● **Task objective**
One figure is the whole answer: the number of lines below that contain the word "using".

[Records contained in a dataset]

lemma ftil_move:
  assumes "i \<le> n" "b \<in> crysB n l" "p < 2*n" "q < 2*n" "p \<noteq> q" "fraw n i b = move b p q"
  shows "ftil n l i b = (if 0 < b!p then Some (move b p q) else None)"
  using assms move_in_crysB_iff[of b n l p q] by (simp add: ftil_def)

section \<open>Elements supported on a set of positions\<close>

definition supported :: "nat \<Rightarrow> nat \<Rightarrow> nat set \<Rightarrow> int list set" where
  "supported n l A = {b \<in> crysB n l. \<forall>r<2*n. b!r \<noteq> 0 \<longrightarrow> r \<in> A}"

lemma supported_crysB: "b \<in> supported n l A \<Longrightarrow> b \<in> crysB n l"
  by (simp add: supported_def)

lemma supported_length: "b \<in> supported n l A \<Longrightarrow> length b = 2*n"
  by (simp add: supported_def crysB_iff)

lemma supported_nonneg: "b \<in> supported n l A \<Longrightarrow> r < 2*n \<Longrightarrow> 0 \<le> b!r"
  by (simp add: supported_def crysB_iff)

lemma supported_outside: "b \<in> supported n l A \<Longrightarrow> r < 2*n \<Longrightarrow> r \<notin> A \<Longrightarrow> b!r = 0"
  by (auto simp: supported_def)

lemma supported_mono: "A \<subseteq> A' \<Longrightarrow> supported n l A \<subseteq> supported n l A'"
  by (auto simp: supported_def)

lemma supported_UNIV: "supported n l {..<2*n} = crysB n l"
  by (auto simp: supported_def)

lemma not_supported_insert:
  assumes "b \<in> supported n l (insert q A)" "b \<notin> supported n l A"
  shows "0 < b!q"
proof -
  obtain r where r: "r < 2*n" "b!r \<noteq> 0" "r \<notin> A"
    using assms by (auto simp: supported_def)
  then have "r = q"
    using assms(1) by (auto simp: supported_def)
  with r supported_nonneg[OF assms(1) r(1)] show ?thesis by simp
qed

lemma move_in_supported:
  assumes "b \<in> supported n l A" "p < 2*n" "q < 2*n" "p \<noteq> q" "0 < b!p" "q \<in> A"
  shows "move b p q \<in> supported n l A"
  using assms move_in_crysB_iff[OF supported_crysB[OF assms(1)] assms(2-4)]
  by (auto simp: supported_def nth_move supported_length[OF assms(1)])

definition concentrated :: "nat \<Rightarrow> nat \<Rightarrow> nat \<Rightarrow> int list" where
  "concentrated n l p = (replicate (2*n) 0)[p := int l]"

lemma length_concentrated [simp]: "length (concentrated n l p) = 2*n"
  by (simp add: concentrated_def)

lemma nth_concentrated: "r < 2*n \<Longrightarrow> concentrated n l p ! r = (if r = p then int l else 0)"
  by (simp add: concentrated_def nth_list_update)

lemma supported_singleton:
  assumes p: "p < 2*n"
  shows "supported n l {p} = {concentrated n l p}"
proof
  have "sum_list (concentrated n l p) = int l"
    using p by (simp add: concentrated_def sum_list_list_update sum_list_replicate)
  then show "{concentrated n l p} \<subseteq> supported n l {p}"
    using p by (simp add: supported_def crysB_iff nth_concentrated)
next
  show "supported n l {p} \<subseteq> {concentrated n l p}"
  proof
    fix b assume b: "b \<in> supported n l {p}"
    then have b_eq: "b = (replicate (2*n) 0)[p := b!p]"
      using p supported_outside[OF b] by (auto intro!: nth_equalityI simp: nth_list_update supported_length)
    have "int l = sum_list b"
      using supported_crysB[OF b] by (simp add: crysB_iff)
    also have "\<dots> = b!p"
      using p by (subst b_eq) (simp add: sum_list_list_update sum_list_replicate)
    finally show "b \<in> {concentrated n l p}"
      using b_eq by (simp add: concentrated_def)
  qed
qed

● **The answer**
10